Plasmodium protein kinase sequences

The P. falciparum sequences were collected from an earlier alignment [8], and P. vivax sequences were obtained by searching PlasmoDB v50b [17], P. falciparum reference genome version GCA_000002765.3 [62] (PMID: 31080894), P. vivax reference genome version GCA_900093555.2 [60, 61]. The predicted P. vivax proteome in PlasmoDB v50b was searched using the term “kinase”. The resultant list was further refined to only include, (i) sequences containing a Pfam ID of PF00069 or PF07714 (Protein kinase domain and protein tyrosine kinase, respectively) and (ii) sequences which contained the phrase “protein kinase” in the sequences annotated ‘Product description’ data.

NEK HMM profile creation

Kinomer [25], the HMM profile databased used in this study did not include a profile for NEK family. The human protein kinase MSA which was the backbone of this study designated protein kinases into the NEK family. To be consistent with this and to enable comparison between species, we developed a NEK profile using HMMER’s hmmbuild function (HMMER 2.3.2) [22], amending the Kinomer HMM profile with our NEK profile. Our NEK profile was comprised of 21 unique NEK sequences from 11 different organisms, which spanned the primary branches within the NEK family [29] (sequences available in Supplementary Data 3).
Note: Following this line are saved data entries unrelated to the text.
definition halves_list :: "('e::linorder) set \<Rightarrow> ('e \<Rightarrow> nat \<times> nat) \<Rightarrow> nat \<Rightarrow> ('e \<times> bool) list" where
  "halves_list E ends v =
     concat (map (\<lambda>e. filter (\<lambda>h. hvert ends h = v) [(e, False), (e, True)])
                 (sorted_list_of_set E))"

text \<open>The partition function F_{A,B}(G).  The ordering h_{k,1},...,h_{k,d_k}
  of the half-edges at a vertex is fixed as the sorted order.  Colours are 1..r.\<close>
definition partition_fn ::
  "nat \<Rightarrow> (nat \<Rightarrow> nat list \<Rightarrow> complex) \<Rightarrow> (nat \<Rightarrow> nat \<Rightarrow> complex) \<Rightarrow>
   nat \<Rightarrow> ('e::linorder) set \<Rightarrow> ('e \<Rightarrow> nat \<times> nat) \<Rightarrow> complex" where
  "partition_fn r A B n E ends =
     (\<Sum>c \<in> (half_edges E \<rightarrow>\<^sub>E {1..r}).
        (\<Prod>e\<in>E. B (c (e, False)) (c (e, True))) *
        (\<Prod>v\<in>{0..<n}. A (deg E ends v)
            (map c (halves_list E ends v))))"

definition edge_verts :: "'e set \<Rightarrow> ('e \<Rightarrow> nat \<times> nat) \<Rightarrow> nat set" where
  "edge_verts C ends = (\<Union>e\<in>C. {fst (ends e), snd (ends e)})"

definition is_cycle :: "'e set \<Rightarrow> ('e \<Rightarrow> nat \<times> nat) \<Rightarrow> 'e set \<Rightarrow> bool" where
  "is_cycle E ends C \<longleftrightarrow> C \<subseteq> E \<and> (\<forall>v\<in>edge_verts C ends. deg C ends v = 2)"

definition adj_rel :: "'e set \<Rightarrow> ('e \<Rightarrow> nat \<times> nat) \<Rightarrow> (nat \<times> nat) set" where
  "adj_rel C ends = {(a, b). \<exists>e\<in>C. ends e = (a, b) \<or> ends e = (b, a)}"

definition edges_connected :: "'e set \<Rightarrow> ('e \<Rightarrow> nat \<times> nat) \<Rightarrow> bool" where
  "edges_connected C ends \<longleftrightarrow>
     (\<forall>u\<in>edge_verts C ends. \<forall>v\<in>edge_verts C ends. (u, v) \<in> (adj_rel C ends)\<^sup>*)"

definition is_ham_cycle :: "nat \<Rightarrow> 'e set \<Rightarrow> ('e \<Rightarrow> nat \<times> nat) \<Rightarrow> 'e set \<Rightarrow> bool" where
  "is_ham_cycle n E ends C \<longleftrightarrow>
     is_cycle E ends C \<and> edges_connected C ends \<and> finite C \<and> card C = n"

definition A_fam :: "nat \<Rightarrow> (nat \<Rightarrow> complex) \<Rightarrow> complex \<Rightarrow> nat \<Rightarrow> nat list \<Rightarrow> complex" where
  "A_fam n x t d is =
     (if d = 1 then (if is = [n+1] then t else 0)
      else if d \<ge> 2 then
        (if (\<exists>i\<in>{1..n}. mset is = mset (i # i # replicate (d - 2) (n+1)))
         then x (THE i. i \<in> {1..n} \<and> mset is = mset (i # i # replicate (d - 2) (n+1)))
         else if is = replicate d (n+1) then t else 0)
      else 0)"

definition Id_mat :: "nat \<Rightarrow> nat \<Rightarrow> complex" where
  "Id_mat i j = (if i = j then 1 else 0)"

end

theory Submission
  imports Defs
begin

text \<open>Since \<open>B\<close> is the identity, only colourings that agree on the two halves of every edge
  survive, so \<open>F\<close> becomes a sum over colourings of the edges by \<open>1..n+1\<close>.  With \<open>t = 0\<close> a
  vertex contributes \<open>x\<^sub>i\<close> when exactly two of its half-edges carry the same ordinary colour \<open>i\<close>
  and all others the special colour \<open>n+1\<close>, and \<open>0\<close> otherwise.  Hence the edges \<open>S\<close> with
  ordinary colours form a spanning 2-regular subgraph whose components are coloured constantly.
  If \<open>S\<close> is connected, i.e. a Hamiltonian cycle, each of its \<open>n\<close> constant colourings contributes
  \<open>x\<^sub>i\<^sup>n = 1\<close>.  If \<open>S\<close> is disconnected, rotating the colours \<open>i \<mapsto> i + 1 mod n\<close> on the
  component of vertex \<open>0\<close> permutes the colourings and multiplies every weight by \<open>x\<^sub>1\<^sup>k\<close>, where
  \<open>0 < k < n\<close> is the size of that component; as \<open>x\<^sub>1\<^sup>k \<noteq> 1\<close>, their sum vanishes.\<close>

section \<open>Half-edges and Hamiltonian cycles\<close>

lemma halves_list_eq_filter_product:
  "halves_list E ends v
     = filter (\<lambda>h. hvert ends h = v) (List.product (sorted_list_of_set E) [False, True])"
  unfolding halves_list_def product_concat_map filter_concat by (simp add: comp_def)

lemma set_halves_list: "finite E \<Longrightarrow> set (halves_list E ends v) = halves_at E ends v"
  by (auto simp: halves_list_eq_filter_product halves_at_def half_edges_def)

lemma distinct_halves_list: "distinct (halves_list E ends v)"
  by (simp add: halves_list_eq_filter_product distinct_product)
(* Fix a half-integer $j\ge \tfrac12$ and a real number $l\in(0,1)$, and let $W_{j,l}$ be the effective Bianchi IX potential defined in the context, viewed as a function of $(q^0,q^+,q^-)$. Let $q^0_1\in\mathbb{R}$ and let $(q^+(q^0),q^-(q^0),\pi_+(q^0),\pi_-(q^0))$ be a solution, defined for all $q^0\le q^0_1$, of the internal-time equations of motion \[ \frac{dq^\pm}{dq^0}=\frac{\pi_\pm}{2\sqrt{h}},\qquad \frac{d\pi_\pm}{dq^0}=-\frac{1}{\sqrt{h}}\frac{\partial W_{j,l}}{\partial q^\pm},\qquad h:=\tfrac12(\pi_+^2+\pi_-^2)+2W_{j,l}(q^0,q^+,q^-), \] with $h>0$ along the solution. Then $R(q^0):=\sqrt{(q^+(q^0))^2+(q^-(q^0))^2}$ does not remain bounded as $q^0\to-\infty$; i.e., there is no $q^0_2\le q^0_1$ such that $R$ is bounded on $(-\infty,q^0_2]$.
   Context: Effective potential. For $0<l<1$ define, for $q>0$, \[ F_l(q)=\Big(\tfrac{2l(l+1)(l+2)}{3}\Big)^{\frac{1}{l-1}}\Big[(l+1)\{(q+1)^{l+2}-|q-1|^{l+2}\}-(l+2)\,q\,\{(q+1)^{l+1}-\mathrm{sgn}(q-1)|q-1|^{l+1}\}\Big]^{\frac{1}{1-l}} . \] (It satisfies $F_l(q)\to q^{-1}$ behaviour for $q\gg1$ and $F_l(q)\approx (3q/(l+1))^{1/(1-l)}$ for $0<q\ll1$.) For $\mu=(\mu_1,\mu_2,\mu_3)$ with all $\mu_I>0$ define, for $\{I,J,K\}=\{1,2,3\}$, \[ \Gamma_I=\tfrac12\big(\mu_K F_l(\mu_J)+\mu_J F_l(\mu_K)-\mu_J\mu_K F_l(\mu_I)^2\big), \] and \[ W_{j,l}(\mu)=8j^2\big[\mu_1\mu_2(\Gamma_1\Gamma_2-\Gamma_3)+\mu_2\mu_3(\Gamma_2\Gamma_3-\Gamma_1)+\mu_3\mu_1(\Gamma_3\Gamma_1-\Gamma_2)\big]. \] Variables: with $Q:=e^{\frac{2}{\sqrt3}q^0}/(2j)$ (so $q^0=\tfrac1{\sqrt3}\ln(\text{volume})$ is the internal time, decreasing volume means $q^0$ decreasing), \[ \mu_1=Q\,e^{\frac{4}{\sqrt6}q^+},\quad \mu_2=Q\,e^{-\frac{2}{\sqrt6}q^++\sqrt2\,q^-},\quad \mu_3=Q\,e^{-\frac{2}{\sqrt6}q^+-\sqrt2\,q^-}, \] and $W_{j,l}(q^0,q^+,q^-)$ denotes $W_{j,l}$ evaluated at these $\mu_I$. The internal-time Hamiltonian is $\mathcal H=\sqrt h$, with $(q^\pm,\pi_\pm)$ canonically conjugate. *)

theory Defs
  imports "HOL-Analysis.Analysis"
begin
(* Suppose conditions (i)–(iii) of the context hold. Let $p\in\mathbb{N}$, $t\in[0,1]$, $g\in H$, and let $\widetilde Y(t):=Q_{h,k}^\beta\Pi_hg+Q_{h,k}^\beta P_h^\beta W^\beta(t)$ (the strong solution of $\mathrm{d}\widetilde Y(t)=Q_{h,k}^\beta P_h^\beta\,\mathrm{d}W^\beta(t)$, $\widetilde Y(0)=Q_{h,k}^\beta\Pi_hg$). Then the $p$-th moment of $\widetilde Y(t)$ exists, and for $p\ge2$ there exist $k_0>0$ and a constant $C>0$, independent of $h$ and $k$, such that for all sufficiently small $h\in(0,h_0)$ and $k\in(0,k_0)$, \[ \mathbb{E}\bigl[\|\widetilde Y(t)\|_H^p\bigr]\le C\bigl(1+e^{-p\pi^2/(2k)}h^{-pd/2}+\|g\|_H^p\bigr). \]
   Context: $H$ separable real Hilbert space; $L\colon\mathscr{D}(L)\subset H\to H$ densely defined, self-adjoint, positive definite with compact inverse, $H$-orthonormal eigenvectors $\{e_j\}$, nondecreasing eigenvalues $\{\lambda_j\}$ with $c_\lambda j^\alpha\le\lambda_j\le C_\lambda j^\alpha$ ($\alpha,c_\lambda,C_\lambda>0$); $\beta\in(0,1)$. $(V_h)_{h\in(0,1)}$ finite-dimensional subspaces of $\mathscr{D}(L^{1/2})$, $N_h=\dim V_h$, $\Pi_h$ the $H$-orthogonal projection onto $V_h$, $L_h\colon V_h\to V_h$ with $(L_h\psi_h,\phi_h)_H=\langle L\psi_h,\phi_h\rangle$, $H$-orthonormal eigenvectors $\{e_{j,h}\}_{j=1}^{N_h}$, nondecreasing eigenvalues $\{\lambda_{j,h}\}$. $P_h^\beta\colon H\to V_h$, $P_h^\beta g:=\sum_{j=1}^{N_h}\lambda_j^\beta(g,e_j)_He_{j,h}$. For $k>0$, $y_\ell=\ell k$, $K^-=\lceil\pi^2/(4\beta k^2)\rceil$, $K^+=\lceil\pi^2/(4(1-\beta)k^2)\rceil$, $Q_{h,k}^\beta:=\frac{2k\sin(\pi\beta)}{\pi}\sum_{\ell=-K^-}^{K^+}e^{2\beta y_\ell}(\mathrm{Id}_{V_h}+e^{2y_\ell}L_h)^{-1}$. $\{B_j\}$ independent standard Brownian motions, $W^\beta(t):=\sum_j\lambda_j^{-\beta}B_j(t)e_j$. Conditions: (i) there is $d\in\mathbb{N}$ with $N_h\propto h^{-d}$; (ii) there are $C_1,C_2>0$, $h_0\in(0,1)$, $r,s>0$, $q>1$ with $\lambda_j\le\lambda_{j,h}\le\lambda_j+C_1h^r\lambda_j^q$ and $\|e_j-e_{j,h}\|_H^2\le C_2h^{2s}\lambda_j^q$ for all $h\in(0,h_0)$, $j\le N_h$; (iii) $\frac1{2\beta}<\alpha\le\min\{\frac{r}{(q-1)d},\frac{2s}{qd}\}$. *)

theory Defs
  imports "HOL-Probability.Probability"
begin

text \<open>Spectral data of L: H-orthonormal eigenvectors e j and eigenvalues lam j,
  indexed by j >= 1 (index 0 unused).\<close>

definition form_dom :: "(nat \<Rightarrow> real) \<Rightarrow> (nat \<Rightarrow> 'a::real_inner) \<Rightarrow> 'a set" where
  "form_dom lam e = {x. summable (\<lambda>j. lam (Suc j) * (inner x (e (Suc j)))\<^sup>2)}"

definition L_form :: "(nat \<Rightarrow> real) \<Rightarrow> (nat \<Rightarrow> 'a::real_inner) \<Rightarrow> 'a \<Rightarrow> 'a \<Rightarrow> real" where
  "L_form lam e \<psi> \<phi> = (\<Sum>j. lam (Suc j) * inner \<psi> (e (Suc j)) * inner \<phi> (e (Suc j)))"

definition discrete_op :: "'a::real_inner set \<Rightarrow> (nat \<Rightarrow> real) \<Rightarrow> (nat \<Rightarrow> 'a) \<Rightarrow> 'a \<Rightarrow> 'a" where
  "discrete_op V lam e \<psi> = (THE w. w \<in> V \<and> (\<forall>\<phi>\<in>V. inner w \<phi> = L_form lam e \<psi> \<phi>))"

definition resolv :: "'a::real_vector set \<Rightarrow> ('a \<Rightarrow> 'a) \<Rightarrow> real \<Rightarrow> 'a \<Rightarrow> 'a" where
  "resolv V A y v = (THE u. u \<in> V \<and> u + exp (2 * y) *\<^sub>R A u = v)"

definition Qop :: "real \<Rightarrow> real \<Rightarrow> 'a::real_vector set \<Rightarrow> ('a \<Rightarrow> 'a) \<Rightarrow> 'a \<Rightarrow> 'a" where
  "Qop \<beta> k V A v =
     (2 * k * sin (pi * \<beta>) / pi) *\<^sub>R
     (\<Sum>l\<in>{- \<lceil>pi\<^sup>2 / (4 * \<beta> * k\<^sup>2)\<rceil> .. \<lceil>pi\<^sup>2 / (4 * (1 - \<beta>) * k\<^sup>2)\<rceil>}.
        exp (2 * \<beta> * (of_int l * k)) *\<^sub>R resolv V A (of_int l * k) v)"

definition orth_proj :: "'a::real_inner set \<Rightarrow> 'a \<Rightarrow> 'a" where
  "orth_proj V x = (THE y. y \<in> V \<and> (\<forall>z\<in>V. inner (x - y) z = 0))"

definition P_op :: "real \<Rightarrow> (nat \<Rightarrow> real) \<Rightarrow> (nat \<Rightarrow> 'a::real_inner) \<Rightarrow> nat \<Rightarrow> (nat \<Rightarrow> 'a) \<Rightarrow> 'a \<Rightarrow> 'a" where
  "P_op \<beta> lam e N eh g = (\<Sum>j=1..N. (lam j powr \<beta> * inner g (e j)) *\<^sub>R eh j)"

definition W_beta :: "real \<Rightarrow> (nat \<Rightarrow> real) \<Rightarrow> (nat \<Rightarrow> 'a::real_inner) \<Rightarrow> (nat \<Rightarrow> real \<Rightarrow> 'w \<Rightarrow> real) \<Rightarrow> real \<Rightarrow> 'w \<Rightarrow> 'a" where
  "W_beta \<beta> lam e B t \<omega> = (\<Sum>j. (lam (Suc j) powr (- \<beta>) * B (Suc j) t \<omega>) *\<^sub>R e (Suc j))"

definition std_BM :: "'w measure \<Rightarrow> (real \<Rightarrow> 'w \<Rightarrow> real) \<Rightarrow> bool" where
  "std_BM M B \<longleftrightarrow> prob_space M
     \<and> (\<forall>t\<ge>0. B t \<in> borel_measurable M)
     \<and> (AE \<omega> in M. B 0 \<omega> = 0)
     \<and> (AE \<omega> in M. continuous_on {0..} (\<lambda>t. B t \<omega>))
     \<and> (\<forall>s t. 0 \<le> s \<and> s < t \<longrightarrow>
          distributed M lborel (\<lambda>\<omega>. B t \<omega> - B s \<omega>)
            (\<lambda>x. ennreal (normal_density 0 (sqrt (t - s)) x)))
     \<and> (\<forall>ts::real list. sorted_wrt (<) ts \<and> (\<forall>x\<in>set ts. 0 \<le> x) \<longrightarrow>
          prob_space.indep_vars M (\<lambda>_. borel) (\<lambda>i \<omega>. B (ts ! Suc i) \<omega> - B (ts ! i) \<omega>)
            {..<length ts - 1})"
lemma prob_space_density_integral:
  fixes w :: "'a \<Rightarrow> real"
  assumes [measurable]: "w \<in> borel_measurable X" and nn: "\<And>x. x \<in> space X \<Longrightarrow> 0 \<le> w x"
    and P: "prob_space (density X (\<lambda>x. ennreal (w x)))"
  shows "integrable X w" "(\<integral>x. w x \<partial>X) = 1"
proof -
  have "(\<integral>\<^sup>+x. ennreal (w x) \<partial>X) = emeasure (density X (\<lambda>x. ennreal (w x))) (space X)"
    by (subst emeasure_density) (auto intro!: nn_integral_cong)
  also have "\<dots> = ennreal 1"
    using prob_space.emeasure_space_1[OF P] by simp
  finally show "integrable X w" "(\<integral>x. w x \<partial>X) = 1"
    by (subst (asm) nn_integral_eq_integrable; simp add: nn)+
qed

lemma Idiv_finite_imp_density:
  assumes X: "finite_measure X" and P: "prob_space P" and fin: "Idiv P X < \<infinity>"
  shows "sets P = sets X" "absolutely_continuous X P"
    "P = density X (\<lambda>x. ennreal (enn2real (RN_deriv X P x)))"
proof -
  interpret finite_measure X by fact
  interpret P: prob_space P by fact
  show sP: "sets P = sets X" and ac: "absolutely_continuous X P"
    using fin unfolding Idiv_def by (auto split: if_splits)
  have "P = density X (RN_deriv X P)" using density_RN_deriv[OF ac sP] by simp
  also have "\<dots> = density X (\<lambda>x. ennreal (enn2real (RN_deriv X P x)))"
    using RN_deriv_finite[OF P.sigma_finite_measure ac sP]
    by (intro density_cong) (auto elim!: AE_mp simp: less_top[symmetric])
  finally show "P = density X (\<lambda>x. ennreal (enn2real (RN_deriv X P x)))" .
qed

lemma Idiv_finite_RN_deriv:
  assumes X: "finite_measure X" and P: "prob_space P" and fin: "Idiv P X < \<infinity>"
  defines "f \<equiv> \<lambda>x. enn2real (RN_deriv X P x)"
  shows "P = density X (\<lambda>x. ennreal (f x))" "integrable X f" "(\<integral>x. f x \<partial>X) = 1"
    "integrable X (\<lambda>x. xlx (f x))" "Idiv P X = ereal (\<integral>x. xlx (f x) \<partial>X)"
proof -
  have f[measurable]: "f \<in> borel_measurable X" and nn: "\<And>x. 0 \<le> f x"
    unfolding f_def by simp_all
  show Pf: "P = density X (\<lambda>x. ennreal (f x))"
    unfolding f_def by (rule Idiv_finite_imp_density(3)[OF X P fin])
  show "integrable X f" "(\<integral>x. f x \<partial>X) = 1"
    using prob_space_density_integral[OF f] P Pf nn by auto
  show "integrable X (\<lambda>x. xlx (f x))" "Idiv P X = ereal (\<integral>x. xlx (f x) \<partial>X)"
    using Idiv_density[OF X f] fin nn by (simp_all add: Pf[symmetric] split: if_splits)
qed

lemma Idiv_ge_minus_measure:
  assumes X: "finite_measure X" and P: "prob_space P"
  shows "- ereal (measure X (space X)) \<le> Idiv P X"
proof (cases "Idiv P X < \<infinity>")
  case True
  interpret finite_measure X by fact
  have "(\<integral>x. -1 \<partial>X) \<le> (\<integral>x. xlx (enn2real (RN_deriv X P x)) \<partial>X)"
    using Idiv_finite_RN_deriv(4)[OF X P True] by (intro integral_mono) (auto simp: xlx_ge_minus_one)
  then show ?thesis
    using Idiv_finite_RN_deriv(5)[OF X P True] by simp
qed (simp add: top.not_eq_extremum)

lemma mix_density:
  fixes f g :: "'a \<Rightarrow> real"
  assumes sX: "sets X = sets Q"
    and [measurable]: "f \<in> borel_measurable X" "g \<in> borel_measurable X"
    and fn: "\<And>x. x \<in> space X \<Longrightarrow> 0 \<le> f x" and gn: "\<And>x. x \<in> space X \<Longrightarrow> 0 \<le> g x"
    and a: "0 \<le> a" "a \<le> 1"
  shows "mix Q a (density X (\<lambda>x. ennreal (f x))) (density X (\<lambda>x. ennreal (g x)))
       = density X (\<lambda>x. ennreal (a * f x + (1 - a) * g x))"
proof -
  let ?h = "density X (\<lambda>x. ennreal (a * f x + (1 - a) * g x))"
  have "mix Q a (density X (\<lambda>x. ennreal (f x))) (density X (\<lambda>x. ennreal (g x)))
      = measure_of (space Q) (sets Q) (emeasure ?h)"
    unfolding mix_def
  proof (rule measure_of_eq)
    show "sets Q \<subseteq> Pow (space Q)" by (rule sets.space_closed)
    fix A assume "A \<in> sigma_sets (space Q) (sets Q)"
    then have A: "A \<in> sets X" using sX sets.sigma_sets_eq[of Q] by simp
    have "emeasure ?h A = (\<integral>\<^sup>+x. ennreal a * (ennreal (f x) * indicator A x)
        + ennreal (1 - a) * (ennreal (g x) * indicator A x) \<partial>X)"
      using A a fn gn by (subst emeasure_density)
        (auto intro!: nn_integral_cong simp: ennreal_plus ennreal_mult' ennreal_mult split: split_indicator)
    also have "\<dots> = ennreal a * emeasure (density X (\<lambda>x. ennreal (f x))) A
        + ennreal (1 - a) * emeasure (density X (\<lambda>x. ennreal (g x))) A"
      using A by (subst nn_integral_add) (auto simp: nn_integral_cmult emeasure_density)
    finally show "ennreal a * emeasure (density X (\<lambda>x. ennreal (f x))) A
        + ennreal (1 - a) * emeasure (density X (\<lambda>x. ennreal (g x))) A = emeasure ?h A"
      by simp
  qed
  also have "\<dots> = ?h"
    using sX sets_eq_imp_space_eq[OF sX] measure_of_of_measure[of ?h] by simp
  finally show ?thesis .
qed
lemma moment_affine:
  assumes "g \<in> borel_measurable borel" "integrable M (\<lambda>x. norm (g x)^2)"
  shows "(\<integral>x. outer x (transpose B *v x + g x) \<partial>M)
    = frame_operator M ** B + (\<integral>x. outer x (g x) \<partial>M)"
proof -
  have S: "integrable M (\<lambda>x. outer x x)"
    using integrable_moment[of "\<lambda>x. x"] integrable_norm_sq by simp
  have "(\<integral>x. outer x (transpose B *v x + g x) \<partial>M) = (\<integral>x. outer x x ** B + outer x (g x) \<partial>M)"
    by (simp add: outer_add_right outer_matrix_mult)
  also have "\<dots> = (\<integral>x. outer x x ** B \<partial>M) + (\<integral>x. outer x (g x) \<partial>M)"
    using integrable_bounded_linear[OF bounded_linear_matrix_mult_right S] integrable_moment[OF assms]
    by (rule Bochner_Integration.integral_add)
  also have "(\<integral>x. outer x x ** B \<partial>M) = frame_operator M ** B"
    unfolding frame_operator_def
    by (rule integral_bounded_linear[OF bounded_linear_matrix_mult_right S])
  finally show ?thesis .
qed

lemma oblique_dual_imp_parametrized:
  assumes "P2 V (distr M borel T)" "T \<in> borel_measurable borel"
    and "(\<integral>x. outer x (T x) \<partial>M) = oblique_proj W (orth_comp V)"
  shows "T x = oblique_proj V (orth_comp W) *v (mp_inverse (frame_operator M) *v x) + T x
    - (\<integral>y. ((mp_inverse (frame_operator M) *v x) \<bullet> y) *\<^sub>R T y \<partial>M)"
  using integral_inner_scaleR_eq_moment[OF integrable_moment[OF assms(2)]] assms
    oblique_proj_dual[OF subspace_V direct_sum] P2_V_distr_iff[OF assms(2)]
  by simp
Multiple sequence alignment

The MSA developed for the human kinome contained 17 highly conserved blocks/segments interspersed with unaligned blocks of amino acids of variable length. The 17 aligned segments were defined using the structure of Human Aurora kinase A [16] and are similar to the regions initially defined by the original alignment published in 1988 by Hanks et al. [64]. These regions are named as follows; B1N, B1C, B2, B3, HC, B4, B5, HD, HE, CL, ALN, ALC, HF, FL, HG, HH and HI (see [16] for more details). Each of the Plasmodium kinase domains were aligned according to these 17 segments using the human MSA as a reference. For each Plasmodium kinase, the HMM profile was used to determine the closest related human kinases. For Plasmodium kinase domains designated as orphans, the nearest homologue was identified using PSI-BLAST and used to guide the alignment, leading to the definition of a 230- column amino acid sequence (one amino acid per column). The complete MSA contained a total of 3183 columns due to a number of large extensions in some Plasmodium kinases, notably SRPK1, PK1 and EST. The complete MSA of the P. falciparum and P. vivax kinases domains is available as Supplementary data 4.

Phylogenetic relationship determination

The phylogeny relationships were determined in the RAxML GUI 2.0 [41, 42], using the 17 conserved sections of the MSA (230 columns) of the kinase domains of H. sapiens, P. falciparum and P. vivax as defined by [16]. The following parameters were used in RAxML: maximum-likelihood rapid bootstrap with the PROTgamma substitution model LG4M, and AutoMRE. A total of 200 bootstrapping runs was performed to meet the AutoMRE requirement. The gene tree was rendered using the webserver iTOL [44] before further annotations of the kinase families in Adobe illustrator. The definition of the borders for each family was guided by the HMM profiles, the tree structure and the defined family assignment reported for each of the human kinases [16].

Plasmodium mitochondrial genome phylogeny

The mitochondrial genome of P. gallinaceum, P. relictum, P. gaboni, P. rechenowi, P. falciparum, P.yoelii, P.berghei, P. chabaudi, P. vinckei, P. ovale, P. malariae, P. gonderi, P.fragile, P. coatneyi, P. knowlesi, P. vivax, P. Inui and P. cynomolgi were obtained from GenBank [65] and aligned using ClustalOmega [23], and imported into Jalview [24] and manually corrected. The MSA was imported into RAxML Gui 2.0 [42], and the following parameters input: maximum-likelihood rapid bootstrap with the gamma substitution model GTR with proportion of invariant sites through ML estimate (+ I), with AutoMRE. A gene tree was inferred through the RAxML analysis using the ‘best tree’ and rendered with the interactive tree of life webserver (iTOL) [44].